Let’s Eat McGill is a student-run political organization mobilizing to instigate transformative food system change at McGill. Our campaign formed in Winter 2023 in response to unaffordable cafeteria prices, rampant food insecurity and inaccessibility, lack of student consultation, and the near absence of cooperative student-led food providers on McGill campuses. Additionally, we recognize that the problems within McGill’s food system stems from McGill’s food contracts with transnational for-profit food providers – whose operations not only exploit students as a captive market, but produce negative externalities like environmental harm from unsustainable agriculture and exploitative labor practices. This is why our group seeks to research, propose, and advocate for a more sustainable and just alternative food system at McGill.

Our Research

The end goal of our research is to redesign McGill’s food system – proposing a concrete alternative to the monopoly under McGill’s corporate food  provider Dana Hospitality. Thanks to the QPIRG summer research stipend, we spent the summer researching food systems at McGill and other universities to develop a vision for an alternative system and plan actions we can take during the year to set that vision in motion.
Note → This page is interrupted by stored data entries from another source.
theorem theorem2p7:
  fixes V :: "'a set" and E :: "'a \<Rightarrow> 'a \<Rightarrow> bool" and G :: "('a \<Rightarrow> 'a) set"
  assumes "simple_graph V E" and "connected_graph V E" and "tetravalent V E"
    and "perm_subgroup V E G" and "arc_regular E G"
  shows "(\<forall>F. polytopal_map V E F \<and> class_2_01 V E F \<and> map_aut V E F = G
            \<longrightarrow> (\<forall>Orb\<in>cc_orbits E G. symmetric_orbit E G Orb))
       \<and> (G = graph_aut V E \<and> (\<forall>Orb\<in>cc_orbits E G. symmetric_orbit E G Orb)
            \<longrightarrow> (\<forall>O1\<in>cc_orbits E G. \<forall>O2\<in>cc_orbits E G. O1 \<noteq> O2 \<longrightarrow>
                  (\<exists>F. polytopal_map V E F \<and> class_2_01 V E F \<and> map_aut V E F = G
                       \<and> F = O1 \<union> O2)))"
proof (intro conjI allI impI ballI)
  fix F Orb
  assume map: "polytopal_map V E F \<and> class_2_01 V E F \<and> map_aut V E F = G"
    and "Orb \<in> cc_orbits E G"
  interpret map_in_class_2_01 V E G F using assms map by unfold_locales auto
  show "symmetric_orbit E G Orb" using consistent_cycles_symmetric \<open>Orb \<in> cc_orbits E G\<close> by blast
next
  fix O\<^sub>1 O\<^sub>2
  assume hyp: "G = graph_aut V E \<and> (\<forall>Orb\<in>cc_orbits E G. symmetric_orbit E G Orb)"
    and orbits: "O\<^sub>1 \<in> cc_orbits E G" "O\<^sub>2 \<in> cc_orbits E G" "O\<^sub>1 \<noteq> O\<^sub>2"
  then obtain C\<^sub>1 C\<^sub>2 where C: "consistent_cycle E G C\<^sub>1" "O\<^sub>1 = cyc_orbit G C\<^sub>1"
    "consistent_cycle E G C\<^sub>2" "O\<^sub>2 = cyc_orbit G C\<^sub>2"
    unfolding cc_orbits_def by blast
  interpret two_cycle_orbits V E G C\<^sub>1 C\<^sub>2 using assms hyp orbits C by unfold_locales auto
  show "\<exists>F. polytopal_map V E F \<and> class_2_01 V E F \<and> map_aut V E F = G \<and> F = O\<^sub>1 \<union> O\<^sub>2"
    using polytopal_faces class_2_01_faces map_aut_faces C by blast
qed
We have also spent time unpacking McGill’s food system bureaucracy, and developing a long-term plan to change the food system at McGill. 

Food insecurity can be placed squarely in the center of social injustice and environmental exploitation. The significant harm colonial societies have had on the environment combined with the inequitable distribution of wages has resulted in limited production and availability of healthy food and increased poverty. As the pandemic heightened disparities, it is now clearer than ever that access to sustainable living – what should be a human right –  is based on factors outside of our control such as disenfranchisement and the climate crisis. Healthy food is simply too expensive and/or too far. Furthermore, not meeting nutritional needs has direct impacts on education and increases the risk of developing health issues – the effects of which are magnified amongst marginalized, already at-risk groups such as Indigenous communities and those with disabilities.  We hope, by centering anti-oppression as a key strategy to address food insecurity, that our research will provide sustainable solutions.